I could only test the demos, not a direct connection to my ugly device with my usual music on it (the same I was accustomed to listen in my main system described above). What a good luck I had.
The classical music piece (together with rock-pop-jazz-R&B-etc.) was simple and smooth. And then that orange sound arrives. Orange like cooper, orange like the metal ringing of an ugly dumped big bell, orange like the vibration to the infinite of the lips inside the echo chamber of a brass instrument. It was a trumpet. A trumpet that has the colour of a trumpet. First time in my life that I can hear that. And I saw myself in my comfy sofa and Mahlers, and Bruckners, and Wagners around me.

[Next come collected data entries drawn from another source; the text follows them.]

lemma min_path_suffix_shortcut:
  assumes reach: "\<forall>w\<in>V. \<exists>q. is_walk_path V E s w q"
    and P: "is_walk_path V E s t P"
    and P_min: "\<forall>q. is_walk_path V E s t q \<and> plen q \<ge> dist V E s t + k \<longrightarrow> plen P \<le> plen q"
    and i: "i < length P" "dist V E s (P ! i) < i"
    and above: "\<forall>w\<in>set (drop i P). dist V E s (P ! i) \<le> dist V E s w"
  shows "dist V E s (P ! i) + plen (drop i P) < dist V E s t + k"
proof -
  have "P ! i \<in> V"
    using P i(1) by (auto simp: is_walk_path_def is_path_def)
  with reach have "\<exists>q. is_walk_path V E s (P ! i) q"
    by blast
  from is_walk_path_via_shortest_path[OF this is_walk_path_drop(1)[OF P i(1)] above]
  obtain Q where Q: "is_walk_path V E s t Q" "plen Q = dist V E s (P ! i) + plen (drop i P)"
    by blast
  have "plen Q < plen P"
    using Q(2) is_walk_path_drop(2)[OF P i(1)] i by (simp add: plen_def)
  moreover have "dist V E s t + k \<le> plen Q \<Longrightarrow> plen P \<le> plen Q"
    using P_min Q(1) by blast
  ultimately show ?thesis
    using Q(2) by linarith
qed
theorem lemma2:
  fixes k :: nat and a b :: "nat \<Rightarrow> nat" and G :: cgraph
    and p :: "nat \<Rightarrow> nat list"
  assumes "valid_state G"
    and "\<And>i. i \<le> k \<Longrightarrow> b i \<le> a i"
    and "\<And>i. i \<le> k \<Longrightarrow> has_P G (a i) (b i) (p i)"
    and "\<And>i j. i \<le> k \<Longrightarrow> j \<le> k \<Longrightarrow> i \<noteq> j \<Longrightarrow> set (p i) \<inter> set (p j) = {}"
  shows "forces (2 * k) G
           (\<lambda>H. has_red_C3 H \<or> has_blue_path H (a 0 + (\<Sum>i=1..k. b i)))"
proof -
  define q where "q = take (a 0) (p 0)"
  from assms(3) have "has_P G (a 0) (b 0) (p 0)" by simp
  then have q: "distinct q" "length q = a 0" "successively (blue_edge G) q"
    by (auto simp: q_def has_P_def has_P_blue_prefix)
  have "forces (2 * card {1..k}) G
          (\<lambda>H. has_red_C3 H \<or> has_blue_path H (length q + (\<Sum>i\<in>{1..k}. b i)))"
  proof (rule forces_red_C3_or_blue_path[where a = a])
    fix i assume "i \<in> {1..k}"
    then show "set q \<inter> set (p i) = {}"
      using assms(4)[of 0 i] set_take_subset[of "a 0" "p 0"] by (auto simp: q_def)
  next
    show "pairwise (\<lambda>i j. set (p i) \<inter> set (p j) = {}) {1..k}"
      using assms(4) by (auto simp: pairwise_def)
  qed (use q assms(2,3) in auto)
  with q(2) show ?thesis by simp
qed

end
definition bounded_functional :: "('h \<Rightarrow> complex) \<Rightarrow> bool" where
  "bounded_functional f \<longleftrightarrow>
     (\<forall>x y. f (x + y) = f x + f y) \<and> (\<forall>c x. f (sm c x) = c * f x) \<and>
     (\<exists>D. \<forall>x. cmod (f x) \<le> D * nrm x)"

lemma bounded_functional_ip:
  assumes "bounded_op sm ip A"
  shows "bounded_functional (\<lambda>x. ip (A x) y)"
proof -
  obtain C where C: "\<And>x. nrm (A x) \<le> C * nrm x"
    using bounded_op_bound[OF assms] by blast
  have "cmod (ip (A x) y) \<le> C * nrm y * nrm x" for x
    using cauchy_schwarz[of "A x" y] C[of x] nrm_nonneg[of y]
    by (smt (verit, best) mult.commute mult.left_commute mult_right_mono)
  then show ?thesis
    unfolding bounded_functional_def
    by (auto simp: bounded_op_add[OF assms] bounded_op_scale[OF assms] ip_add_left ip_scale_left)
qed

lemma tendsto_lipschitz:
  assumes "(\<lambda>k. nrm (X k - L)) \<longlonglongrightarrow> 0" "\<And>x y. \<bar>g x - g y\<bar> \<le> C * nrm (x - y)"
  shows "(\<lambda>k. g (X k)) \<longlonglongrightarrow> g L"
proof -
  have "(\<lambda>k. g (X k) - g L) \<longlonglongrightarrow> 0"
  proof (rule Lim_null_comparison)
    show "\<forall>\<^sub>F k in sequentially. norm (g (X k) - g L) \<le> C * nrm (X k - L)"
      using assms(2) by simp
    show "(\<lambda>k. C * nrm (X k - L)) \<longlonglongrightarrow> 0"
      using assms(1) by (rule tendsto_mult_right_zero)
  qed
  then show ?thesis
    by (simp add: LIM_zero_iff)
qed

text \<open>The Dirichlet-type energy whose minimiser represents \<open>f\<close> in the inner product
  \<open>\<langle>P x, P y\<rangle>\<close>.\<close>
definition energy :: "('h \<Rightarrow> 'h) \<Rightarrow> ('h \<Rightarrow> complex) \<Rightarrow> 'h \<Rightarrow> real" where
  "energy P f x = (nrm (P x))\<^sup>2 - 2 * Re (f x)"
(* Let $(\mathcal{L},[\cdot,\cdot,\cdot]_{\mathcal{L}})$ be a (right) $3$-Leibniz algebra over a field $\mathbb{K}$ and $\overline{\mathcal{L}}=\mathbb{K}\oplus\mathcal{L}$. Then the linear map $R:(\overline{\mathcal{L}}\otimes\overline{\mathcal{L}})^{\otimes2}\to(\overline{\mathcal{L}}\otimes\overline{\mathcal{L}})^{\otimes 2}$ given by $R\big((a_1,x_1)\otimes(a_2,x_2)\otimes(b_1,y_1)\otimes(b_2,y_2)\big)=(b_1,y_1)\otimes(b_2,y_2)\otimes(a_1,x_1)\otimes(a_2,x_2)+(1,0)\otimes(1,0)\otimes\big((0,[x_1,y_1,y_2]_{\mathcal{L}})\otimes(a_2,x_2)+(a_1,x_1)\otimes(0,[x_2,y_1,y_2]_{\mathcal{L}})\big)$ is a solution of the Yang-Baxter equation on $V=\overline{\mathcal{L}}\otimes\overline{\mathcal{L}}$.
   Context: A (right) $3$-Leibniz algebra is a vector space $\mathcal{L}$ with a trilinear map $[\cdot,\cdot,\cdot]_{\mathcal{L}}$ such that $[[x_1,x_2,x_3]_{\mathcal{L}},y_1,y_2]_{\mathcal{L}}=[[x_1,y_1,y_2]_{\mathcal{L}},x_2,x_3]_{\mathcal{L}}+[x_1,[x_2,y_1,y_2]_{\mathcal{L}},x_3]_{\mathcal{L}}+[x_1,x_2,[x_3,y_1,y_2]_{\mathcal{L}}]_{\mathcal{L}}$. A solution of the Yang-Baxter equation on a vector space $V$ is an invertible linear map $R:V\otimes V\to V\otimes V$ with $(R\otimes\mathrm{Id}_V)(\mathrm{Id}_V\otimes R)(R\otimes\mathrm{Id}_V)=(\mathrm{Id}_V\otimes R)(R\otimes\mathrm{Id}_V)(\mathrm{Id}_V\otimes R)$. *)

theory Defs
  imports "HOL-Library.Poly_Mapping"
begin

text \<open>Vector spaces over a field 'k are modelled as free vector spaces
  'i =>0 'k (finitely supported functions on a basis index set 'i).\<close>

definition smult :: "'k::field \<Rightarrow> ('i \<Rightarrow>\<^sub>0 'k) \<Rightarrow> ('i \<Rightarrow>\<^sub>0 'k)" where
  "smult c u = Poly_Mapping.map (\<lambda>v. c * v) u"

definition klinear :: "(('i \<Rightarrow>\<^sub>0 'k::field) \<Rightarrow> ('j \<Rightarrow>\<^sub>0 'k)) \<Rightarrow> bool" where
  "klinear f \<longleftrightarrow> (\<forall>u v. f (u + v) = f u + f v) \<and> (\<forall>c u. f (smult c u) = smult c (f u))"

definition trilinear ::
  "(('b \<Rightarrow>\<^sub>0 'k::field) \<Rightarrow> ('b \<Rightarrow>\<^sub>0 'k) \<Rightarrow> ('b \<Rightarrow>\<^sub>0 'k) \<Rightarrow> ('b \<Rightarrow>\<^sub>0 'k)) \<Rightarrow> bool" where
  "trilinear br \<longleftrightarrow>
     (\<forall>y z. klinear (\<lambda>x. br x y z)) \<and> (\<forall>x z. klinear (\<lambda>y. br x y z)) \<and>
     (\<forall>x y. klinear (\<lambda>z. br x y z))"

definition leibniz3 ::
  "(('b \<Rightarrow>\<^sub>0 'k::field) \<Rightarrow> ('b \<Rightarrow>\<^sub>0 'k) \<Rightarrow> ('b \<Rightarrow>\<^sub>0 'k) \<Rightarrow> ('b \<Rightarrow>\<^sub>0 'k)) \<Rightarrow> bool" where
  "leibniz3 br \<longleftrightarrow> trilinear br \<and>
     (\<forall>x1 x2 x3 y1 y2. br (br x1 x2 x3) y1 y2 =
        br (br x1 y1 y2) x2 x3 + br x1 (br x2 y1 y2) x3 + br x1 x2 (br x3 y1 y2))"

text \<open>\<open>\<overline>L = K \<oplus> L\<close> has basis indexed by 'b option: None \<mapsto> (1,0),
  Some b \<mapsto> (0, e_b). Coordinates of an element (a,x) of \<open>\<overline>L\<close>:\<close>
fun coord :: "'k::field \<times> ('b \<Rightarrow>\<^sub>0 'k) \<Rightarrow> 'b option \<Rightarrow> 'k" where
  "coord (a, x) None = a"
| "coord (a, x) (Some b) = Poly_Mapping.lookup x b"

fun supp :: "'k::field \<times> ('b \<Rightarrow>\<^sub>0 'k) \<Rightarrow> 'b option set" where
  "supp (a, x) = insert None (Some ` Poly_Mapping.keys x)"

text \<open>V = \<open>\<overline>L \<otimes> \<overline>L\<close> has basis indexed by 'b option \<times> 'b option;
  V \<otimes> V by pairs of those.\<close>
definition t4 :: "'k::field \<times> ('b \<Rightarrow>\<^sub>0 'k) \<Rightarrow> 'k \<times> ('b \<Rightarrow>\<^sub>0 'k) \<Rightarrow>
    'k \<times> ('b \<Rightarrow>\<^sub>0 'k) \<Rightarrow> 'k \<times> ('b \<Rightarrow>\<^sub>0 'k) \<Rightarrow>
    (('b option \<times> 'b option) \<times> ('b option \<times> 'b option)) \<Rightarrow>\<^sub>0 'k" where
  "t4 u1 u2 u3 u4 =
     (\<Sum>i1\<in>supp u1. \<Sum>i2\<in>supp u2. \<Sum>i3\<in>supp u3. \<Sum>i4\<in>supp u4.
        Poly_Mapping.single ((i1, i2), (i3, i4))
          (coord u1 i1 * coord u2 i2 * coord u3 i3 * coord u4 i4))"

definition tensor_f_id :: "(('v \<times> 'v \<Rightarrow>\<^sub>0 'k::field) \<Rightarrow> ('v \<times> 'v \<Rightarrow>\<^sub>0 'k)) \<Rightarrow>
    ('v \<times> 'v \<times> 'v \<Rightarrow>\<^sub>0 'k) \<Rightarrow> ('v \<times> 'v \<times> 'v \<Rightarrow>\<^sub>0 'k)" where
  "tensor_f_id f t =
     (\<Sum>(p, q, r)\<in>Poly_Mapping.keys t. smult (Poly_Mapping.lookup t (p, q, r))
        (let s = f (Poly_Mapping.single (p, q) 1) in
         \<Sum>(p', q')\<in>Poly_Mapping.keys s. Poly_Mapping.single (p', q', r) (Poly_Mapping.lookup s (p', q'))))"

definition tensor_id_f :: "(('v \<times> 'v \<Rightarrow>\<^sub>0 'k::field) \<Rightarrow> ('v \<times> 'v \<Rightarrow>\<^sub>0 'k)) \<Rightarrow>
    ('v \<times> 'v \<times> 'v \<Rightarrow>\<^sub>0 'k) \<Rightarrow> ('v \<times> 'v \<times> 'v \<Rightarrow>\<^sub>0 'k)" where
  "tensor_id_f f t =
     (\<Sum>(p, q, r)\<in>Poly_Mapping.keys t. smult (Poly_Mapping.lookup t (p, q, r))
        (let s = f (Poly_Mapping.single (q, r) 1) in
         \<Sum>(q', r')\<in>Poly_Mapping.keys s. Poly_Mapping.single (p, q', r') (Poly_Mapping.lookup s (q', r'))))"
(* Consider the following time-slotted remote tracking system. A source state $X_t$ evolves as a discrete-time Markov chain on $\{0,1,\dots,N\}$ ($N\in\mathbb{Z}_{>0}$) with transition probabilities $P_{i,k}=\Pr\{X_{t+1}=k\mid X_t=i\}$. A receiver holds an estimate $\hat X_t$. At each slot the transmitter chooses $\alpha_t\in\{0,1\}$ ($\alpha_t=1$: sample the source and transmit, incurring cost $c>0$). The channel realization $h_t\in\{0,1\}$ is i.i.d. with $\Pr(h_t=1)=p_s$; if $\alpha_t=1$ and $h_t=1$ the receiver updates $\hat X_{t+1}=X_t$, otherwise $\hat X_{t+1}=\hat X_t$. Given a nonnegative bounded actuation cost matrix $(C_{i,j})$, define, when $X_t=i$ and $\hat X_t=j$, $$g(t)=\begin{cases}\sum_{k=i}^{N} C_{k,j}P_{i,k}(1-p_s)+\sum_{k=i}^{N} C_{k,i}P_{i,k}\,p_s, & \alpha_t=1,\\[1mm] \sum_{k=i}^{N} C_{k,j}P_{i,k}, & \alpha_t=0.\end{cases}$$ Let $c_{\max}$ be a given bound and consider the problem of minimizing $\limsup_{T\to\infty}\frac1T\sum_{t=1}^T\mathbb{E}\{g(t)\}$ subject to $\bar c:=\lim_{T\to\infty}\frac1T\sum_{t=1}^T\mathbb{E}\{\alpha_t c\}\le c_{\max}$. The drift-plus-penalty (DPP) algorithm, with parameter $W>0$, maintains the virtual queue $Z(0)=0$, $Z(t+1)=\max[Z(t)-c_{\max},0]+\alpha_t c$, and at every slot $t$, observing $X_t$, $\hat X_t$ and $Z(t)$, chooses $\alpha_t\in\{0,1\}$ minimizing $W g(t)+Z(t)(c\alpha_t-c_{\max})$. If the constrained problem is feasible, then the DPP algorithm satisfies the average cost constraint, i.e. $\limsup_{T\to\infty}\frac1T\sum_{t=1}^T\mathbb{E}\{\alpha_t c\}\le c_{\max}$.
   Context: $C_{i,j}$ is the cost of actuation error incurred when the source is in state $i$ while the receiver's estimate is $j$. A policy is a rule selecting $\alpha_t$ at each slot; the problem is feasible if some policy satisfies the average cost constraint. *)

theory Defs
  imports "HOL-Probability.Probability"
begin
(* Group the states by the order i_1, ..., i_m in which their letters first occur. Such a word
   is i_1 u_1 i_2 u_2 ... i_m u_m with u_k an arbitrary word over I_k = {i_1, ..., i_k}, and every
   letter x of i_k u_k contributes the factor alpha_x / |alpha_E(I_k)| to the stationary weight.
   Summing over u_k is thus a geometric series with ratio |alpha_I_k| / |alpha_E(I_k)|, which
   converges by stability, so the weights of a class add up to T of the ordering; the series
   of lengths times ratio powers turns the length-weighted total into E.  Summing over
   orderings, independent sets and the empty word yields the normalising constant
   1 + sum T_I and the unnormalised mean sum E_I. *)

lemma has_sum_product_nonneg:
  fixes f g :: "_ \<Rightarrow> real"
  assumes "(f has_sum F) A" "(g has_sum G) B"
    and "\<And>x. x \<in> A \<Longrightarrow> 0 \<le> f x" "\<And>y. y \<in> B \<Longrightarrow> 0 \<le> g y"
  shows "((\<lambda>(x, y). f x * g y) has_sum (F * G)) (A \<times> B)"
proof -
  have inner: "((\<lambda>y. f x * g y) has_sum f x * G) B" for x
    using has_sum_cmult_right[OF assms(2)] .
  have outer: "((\<lambda>x. f x * G) has_sum F * G) A"
    using has_sum_cmult_left[OF assms(1)] .
  have "(\<lambda>(x, y). f x * g y) summable_on A \<times> B"
    using inner outer has_sum_imp_summable assms(3,4)
    by (intro summable_on_SigmaI[where g = "\<lambda>x. f x * G"]) auto
  then show ?thesis
    using has_sum_SigmaI[where f = "\<lambda>(x, y). f x * g y", OF _ outer] inner by simp
qed

lemma sum_prod_list_lists_length:
  fixes c :: "'a \<Rightarrow> real"
  assumes "finite S"
  shows "(\<Sum>u\<in>{u. set u \<subseteq> S \<and> length u = k}. prod_list (map c u)) = sum c S ^ k"
proof (induction k)
  case 0
  have "{u. set u \<subseteq> S \<and> length u = 0} = {[]}" by auto
  then show ?case by simp
next
  case (Suc k)
  let ?L = "{u. set u \<subseteq> S \<and> length u = k}"
  have eq: "{u. set u \<subseteq> S \<and> length u = Suc k} = (\<lambda>(a, u). a # u) ` (S \<times> ?L)"
    by (auto simp: length_Suc_conv image_iff)
  have inj: "inj_on (\<lambda>(a, u). a # u) (S \<times> ?L)"
    by (auto simp: inj_on_def)
  have "(\<Sum>u\<in>{u. set u \<subseteq> S \<and> length u = Suc k}. prod_list (map c u))
      = (\<Sum>(a, u)\<in>S \<times> ?L. c a * prod_list (map c u))"
    unfolding eq by (subst sum.reindex[OF inj]) (simp add: case_prod_unfold)
  also have "\<dots> = sum c S * (\<Sum>u\<in>?L. prod_list (map c u))"
    by (simp add: sum_product sum.cartesian_product)
  finally show ?case using Suc by simp
qed

lemma has_sum_lists_by_length:
  fixes f :: "'a list \<Rightarrow> real"
  assumes "finite S" and "\<And>u. u \<in> lists S \<Longrightarrow> 0 \<le> f u"
    and "\<And>k. (\<Sum>u\<in>{u. set u \<subseteq> S \<and> length u = k}. f u) = g k"
    and "(g has_sum s) UNIV"
  shows "(f has_sum s) (lists S)"
proof -
  define L where "L k = {u. set u \<subseteq> S \<and> length u = k}" for k
  have inner: "((\<lambda>u. (\<lambda>(k, u). f u) (k, u)) has_sum g k) (L k)" for k
    using assms(3) finite_lists_length_eq[OF assms(1)] by (intro has_sum_finiteI) (simp_all add: L_def)
  have reindex: "(f has_sum s) (lists S) \<longleftrightarrow> ((\<lambda>(k, u). f u) has_sum s) (Sigma UNIV L)"
    by (rule has_sum_reindex_bij_witness[where j = "\<lambda>u. (length u, u)" and i = snd])
       (auto simp: L_def)
  have nonneg: "0 \<le> f u" if "u \<in> L k" for k u
    using that assms(2) by (simp add: L_def in_lists_conv_set subset_iff)
  show ?thesis
    unfolding reindex
    using assms(4) has_sum_imp_summable nonneg
    by (intro has_sum_SigmaI[OF inner assms(4)] summable_on_SigmaI[OF inner]) auto
qed

lemma has_sum_of_nat_mult_power:
  fixes r :: real
  assumes "0 \<le> r" "r < 1"
  shows "((\<lambda>k. real k * r ^ k) has_sum r / (1 - r)^2) UNIV"
proof (rule sums_nonneg_imp_has_sum)
  have "(\<lambda>k. real (Suc k) * r ^ k - r ^ k) sums (1 / (1 - r)^2 - 1 / (1 - r))"
    using sums_diff[OF geometric_deriv_sums[of r] geometric_sums[of r]] assms by simp
  moreover have "1 / (1 - r)^2 - 1 / (1 - r) = r / (1 - r)^2"
  proof -
    have "1 / d^2 - 1 / d = (1 - d) / d^2" if "0 < d" for d :: real
      using that by (simp add: field_simps power2_eq_square)
    then show ?thesis
      using assms by simp
  qed
  ultimately show "(\<lambda>k. real k * r ^ k) sums (r / (1 - r)^2)"
    by (simp add: algebra_simps)
qed (use assms in simp)

lemma
  fixes c :: "'a \<Rightarrow> real"
  assumes "finite S" and "\<And>x. x \<in> S \<Longrightarrow> 0 \<le> c x" and "sum c S < 1"
  shows has_sum_prod_list_lists: "((\<lambda>u. prod_list (map c u)) has_sum 1 / (1 - sum c S)) (lists S)"
    and has_sum_length_prod_list_lists:
      "((\<lambda>u. real (length u) * prod_list (map c u)) has_sum sum c S / (1 - sum c S)^2) (lists S)"
proof -
  have r: "0 \<le> sum c S" using assms(2) by (simp add: sum_nonneg)
  have nonneg: "0 \<le> prod_list (map c u)" if "u \<in> lists S" for u
    using that assms(2) by (induction u) auto
  show "((\<lambda>u. prod_list (map c u)) has_sum 1 / (1 - sum c S)) (lists S)"
  proof (rule has_sum_lists_by_length[OF assms(1) nonneg])
    show "(\<Sum>u\<in>{u. set u \<subseteq> S \<and> length u = k}. prod_list (map c u)) = sum c S ^ k" for k
      by (rule sum_prod_list_lists_length[OF assms(1)])
    show "((\<lambda>k. sum c S ^ k) has_sum 1 / (1 - sum c S)) UNIV"
      using geometric_sums[of "sum c S"] r assms(3) by (intro sums_nonneg_imp_has_sum) auto
  qed
  show "((\<lambda>u. real (length u) * prod_list (map c u)) has_sum sum c S / (1 - sum c S)^2) (lists S)"
  proof (rule has_sum_lists_by_length[OF assms(1)])
    show "(\<Sum>u\<in>{u. set u \<subseteq> S \<and> length u = k}. real (length u) * prod_list (map c u)) =
        real k * sum c S ^ k" for k
      using sum_prod_list_lists_length[OF assms(1), of c k] by (simp add: sum_distrib_left[symmetric])
    show "((\<lambda>k. real k * sum c S ^ k) has_sum sum c S / (1 - sum c S)^2) UNIV"
      using has_sum_of_nat_mult_power r assms(3) .
  qed (use nonneg in simp)
qed

lemma
  fixes \<alpha> :: "'a \<Rightarrow> real"
  assumes "finite S" and "\<And>x. x \<in> S \<Longrightarrow> 0 \<le> \<alpha> x" and "sum \<alpha> S < A"
  shows has_sum_prod_list_Cons_lists:
      "((\<lambda>u. prod_list (map (\<lambda>x. \<alpha> x / A) (i # u))) has_sum \<alpha> i / (A - sum \<alpha> S)) (lists S)"
    and has_sum_length_prod_list_Cons_lists:
      "((\<lambda>u. real (length (i # u)) * prod_list (map (\<lambda>x. \<alpha> x / A) (i # u)))
         has_sum \<alpha> i * A / (A - sum \<alpha> S)^2) (lists S)"
proof -
  define c where "c x = \<alpha> x / A" for x
  have A: "0 < A" using assms(3) sum_nonneg[of S \<alpha>] assms(2) by fastforce
  have sum_c: "sum c S = sum \<alpha> S / A"
    by (simp add: c_def sum_divide_distrib)
  have c: "\<And>x. x \<in> S \<Longrightarrow> 0 \<le> c x" "sum c S < 1"
    using assms A by (simp_all only: sum_c) (simp_all add: c_def)
  note geom = has_sum_prod_list_lists[OF assms(1) c] has_sum_length_prod_list_lists[OF assms(1) c]
  define d where "d = A - sum \<alpha> S"
  have d: "0 < d"
    using assms(3) by (simp add: d_def)
  have one_minus: "1 - sum c S = d / A"
    unfolding sum_c d_def using A by (simp add: field_simps)
  have "c i / (1 - sum c S) = \<alpha> i / (A - sum \<alpha> S)"
    unfolding one_minus d_def[symmetric] using d A by (simp add: c_def field_simps)
  then show "((\<lambda>u. prod_list (map (\<lambda>x. \<alpha> x / A) (i # u))) has_sum \<alpha> i / (A - sum \<alpha> S)) (lists S)"
    using has_sum_cmult_right[OF geom(1), of "c i"] by (simp add: c_def[symmetric])
  have "c i * (1 / (1 - sum c S)) + c i * (sum c S / (1 - sum c S)^2) = \<alpha> i * A / (A - sum \<alpha> S)^2"
    unfolding one_minus d_def[symmetric] unfolding sum_c
    using d A by (simp add: c_def field_simps power2_eq_square) (simp add: d_def algebra_simps)
  then show "((\<lambda>u. real (length (i # u)) * prod_list (map (\<lambda>x. \<alpha> x / A) (i # u)))
      has_sum \<alpha> i * A / (A - sum \<alpha> S)^2) (lists S)"
    using has_sum_add[OF has_sum_cmult_right[OF geom(1)] has_sum_cmult_right[OF geom(2)], of "c i" "c i"]
    by (simp add: c_def[symmetric] algebra_simps)
qed

definition first_occurrences :: "'a list \<Rightarrow> 'a list" where
  "first_occurrences w = rev (remdups (rev w))"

That day at home I was regretting my good luck. I found the money and asked for the specific unit I tried, the used demo one. ‘We don’t sell used!’ told me one person in the shop. I gave up. I went the next day. Full of people I asked and asked. I felt a bit embarrassed. I couldn’t explain what happened to me there before. “The new one is the same!” I play the card ‘the new ones are not made in Austria’ and ‘they have change the speakers and now the new units sound different’. I don’t care. I don’t know. I wanted that unit, just in case. They called a manager by phone. They sold me the unit in its original box, with a very small discount. The only new or ‘replaced’ item inside was one of the cables: the straight orange one. They were nice with me. I was the stupid man.
Until I reached home with my precioussss.
It took me two whole days to find the right time to try them with the recordings I hope now I will enjoy more. Long story short: It worked with Mahler and Bruckner as I suspected. Beethoven and Brahms remains the same or felt as ‘simplified’ versions of themselves.
The headphone does a kind of effervescence sound that enlightened and amplifies the pleasure in complex or very complex orchestral music as if they are having an easy job managing those sounds without constraints, free and with over confidence. The result is sort of a ‘resample’ or oversampling of the music. Also there is more info at the bottom without being showy or creating a boomy sound. But as a whole they are showy, they bring spectacular renditions out of massive orchestras. With ease. They have more or less the lovely mids of the K501. But everything is happening upper mids and low treble I think. There is a bit of too much energy, only a little bit, more ‘glare’ that painful bright sound. But how they manage many different timbres and some in the highest pitches with ease is wonderful. You hear more and the very low level is there too, even more than K501, no matter how low the sound is, so no luck with older recordings and noise. And no luck with hotter recordings either.
But now I have Mahler and Bruckner. And Wagner is fun as hell. I tried a little bit of my previous Beethoven and Brahms and so far they remain ‘untouched’ as an emotional experience. That’s very good. Maybe there is sadness in losing some excitement with some recordings/interpretations or even compositions as the headphones render them simpler. I don’t know how.
I hope my not very sort story/review will help somebody out there.
Oh, I forget: yes, clarinets, trumpets, brass... incredible. But no luck yet with violins at full range. Really they shall be the very limit of the CD medium. And I didn't try choral, Arvo Part, or other very high pitched performances.